■ DIRECTIONS FOR THIS TASK:
Only the lines from the one containing "n \<Longrightarrow> bet" through the one containing "unfolding bet_def by" should be printed, exactly as they appear below, with both ends included.

■ DATASET RECORDS:
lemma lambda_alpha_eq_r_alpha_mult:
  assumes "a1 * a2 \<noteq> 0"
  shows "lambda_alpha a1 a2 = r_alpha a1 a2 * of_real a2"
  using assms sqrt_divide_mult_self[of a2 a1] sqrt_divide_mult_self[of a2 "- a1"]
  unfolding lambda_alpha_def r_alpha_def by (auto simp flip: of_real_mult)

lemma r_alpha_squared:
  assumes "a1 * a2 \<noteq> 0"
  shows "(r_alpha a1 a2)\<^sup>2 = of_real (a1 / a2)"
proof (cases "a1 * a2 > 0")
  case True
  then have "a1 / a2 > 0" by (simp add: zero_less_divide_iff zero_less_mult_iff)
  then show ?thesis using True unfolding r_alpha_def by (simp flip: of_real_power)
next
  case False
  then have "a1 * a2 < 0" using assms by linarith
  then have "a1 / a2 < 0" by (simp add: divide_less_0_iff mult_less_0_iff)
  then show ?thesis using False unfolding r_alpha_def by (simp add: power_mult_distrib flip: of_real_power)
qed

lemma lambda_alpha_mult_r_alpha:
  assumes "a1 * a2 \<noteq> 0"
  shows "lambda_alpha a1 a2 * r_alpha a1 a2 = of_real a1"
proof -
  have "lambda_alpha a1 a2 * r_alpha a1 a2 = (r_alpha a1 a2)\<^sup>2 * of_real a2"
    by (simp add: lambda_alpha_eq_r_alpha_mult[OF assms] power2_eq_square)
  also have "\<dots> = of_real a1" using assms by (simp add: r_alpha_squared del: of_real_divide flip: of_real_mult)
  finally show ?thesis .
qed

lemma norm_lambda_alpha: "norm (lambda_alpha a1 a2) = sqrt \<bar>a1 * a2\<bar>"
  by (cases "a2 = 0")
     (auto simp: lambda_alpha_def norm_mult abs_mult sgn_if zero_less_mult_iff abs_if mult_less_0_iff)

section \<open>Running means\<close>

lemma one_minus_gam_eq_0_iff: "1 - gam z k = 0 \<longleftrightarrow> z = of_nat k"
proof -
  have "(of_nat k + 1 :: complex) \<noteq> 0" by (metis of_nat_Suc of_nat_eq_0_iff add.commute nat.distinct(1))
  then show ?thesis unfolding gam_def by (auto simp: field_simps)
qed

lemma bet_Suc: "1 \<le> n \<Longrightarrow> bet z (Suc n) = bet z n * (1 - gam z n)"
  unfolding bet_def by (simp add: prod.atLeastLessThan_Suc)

--

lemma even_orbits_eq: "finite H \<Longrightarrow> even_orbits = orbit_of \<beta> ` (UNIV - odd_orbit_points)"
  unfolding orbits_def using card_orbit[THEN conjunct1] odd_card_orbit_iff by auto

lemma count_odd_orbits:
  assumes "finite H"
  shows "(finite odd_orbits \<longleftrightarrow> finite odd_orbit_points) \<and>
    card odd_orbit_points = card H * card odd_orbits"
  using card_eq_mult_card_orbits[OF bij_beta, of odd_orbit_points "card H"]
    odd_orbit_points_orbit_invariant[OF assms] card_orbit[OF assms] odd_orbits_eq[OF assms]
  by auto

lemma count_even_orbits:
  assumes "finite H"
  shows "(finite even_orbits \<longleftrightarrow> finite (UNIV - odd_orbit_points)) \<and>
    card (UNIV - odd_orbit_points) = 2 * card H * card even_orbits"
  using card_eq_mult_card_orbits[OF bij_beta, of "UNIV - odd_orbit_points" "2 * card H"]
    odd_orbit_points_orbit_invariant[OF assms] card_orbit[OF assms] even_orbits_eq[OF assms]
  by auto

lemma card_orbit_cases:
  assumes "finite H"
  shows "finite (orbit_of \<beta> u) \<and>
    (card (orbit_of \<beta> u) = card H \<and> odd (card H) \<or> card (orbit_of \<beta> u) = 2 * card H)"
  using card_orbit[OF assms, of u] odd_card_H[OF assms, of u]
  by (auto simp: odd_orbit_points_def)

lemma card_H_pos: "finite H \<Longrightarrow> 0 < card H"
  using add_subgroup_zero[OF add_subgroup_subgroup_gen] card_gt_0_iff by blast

■ RESPONSE:
lemma bet_Suc: "1 \<le> n \<Longrightarrow> bet z (Suc n) = bet z n * (1 - gam z n)"
  unfolding bet_def by (simp add: prod.atLeastLessThan_Suc)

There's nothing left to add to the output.